> WORK INSTRUCTIONS: Spot each line in the data below containing "where" and copy it.

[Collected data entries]
lemma z_sol_uniform_limit:
  assumes conv: "weak_conv_seq Fs F" and Fs: "\<And>k. inflow (Fs k)" and F: "inflow F"
  shows "uniform_limit {0..T} (\<lambda>k. z_sol T Td {xa..xb} V (Fs k)) (z_sol T Td {xa..xb} V F) sequentially"
proof -
  define z where "z = z_sol T Td {xa..xb} V F"
  define gap where "gap k = integral {0..T} (\<lambda>s. L * \<bar>accum (Fs k) z s - accum F z s\<bar>)" for k
  have z: "solution F z" unfolding z_def by (rule solution_z_sol[OF F])
  have "gap \<longlonglongrightarrow> 0"
    unfolding gap_def by (rule integral_accum_diff_tendsto_0[OF conv Fs F z])
  then have gap_limit: "(\<lambda>k. 2 * gap k * exp (lam * T)) \<longlonglongrightarrow> 0"
    by (auto intro: tendsto_eq_intros)
  have bound: "\<bar>z_sol T Td {xa..xb} V (Fs k) t - z t\<bar> \<le> 2 * gap k * exp (lam * T)"
    if t: "t \<in> {0..T}" for k t
  proof -
    have "0 \<le> gap k"
      unfolding gap_def using lipschitz_on_nonneg[OF V_lipschitz] z
      by (intro integral_nonneg integrable_accum_diff[OF Fs F _ _ order.refl])
        (auto simp: solution_iff_fixpoint[OF F])
    then have "2 * gap k * exp (lam * t) \<le> 2 * gap k * exp (lam * T)"
      using t lam_pos by (intro mult_left_mono) auto
    moreover have "\<bar>z_sol T Td {xa..xb} V (Fs k) t - z t\<bar> \<le> 2 * gap k * exp (lam * t)"
      unfolding gap_def by (rule solution_stability[OF Fs F solution_z_sol[OF Fs] z t])
    ultimately show ?thesis by linarith
  qed
  show ?thesis
    unfolding z_def[symmetric]
  proof (rule uniform_limitI)
    fix e :: real assume "0 < e"
    with gap_limit have "eventually (\<lambda>k. 2 * gap k * exp (lam * T) < e) sequentially"
      by (rule order_tendstoD(2))
    then show "eventually (\<lambda>k. \<forall>t\<in>{0..T}. dist (z_sol T Td {xa..xb} V (Fs k) t) (z t) < e) sequentially"
    proof eventually_elim
      case (elim k)
      show ?case
      proof
        fix t assume "t \<in> {0..T}"
        then show "dist (z_sol T Td {xa..xb} V (Fs k) t) (z t) < e"
          using bound[of t k] elim by (simp add: dist_real_def)
      qed
    qed
  qed
qed

end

> YOUR RESPONSE:
  define z where "z = z_sol T Td {xa..xb} V F"
  define gap where "gap k = integral {0..T} (\<lambda>s. L * \<bar>accum (Fs k) z s - accum F z s\<bar>)" for k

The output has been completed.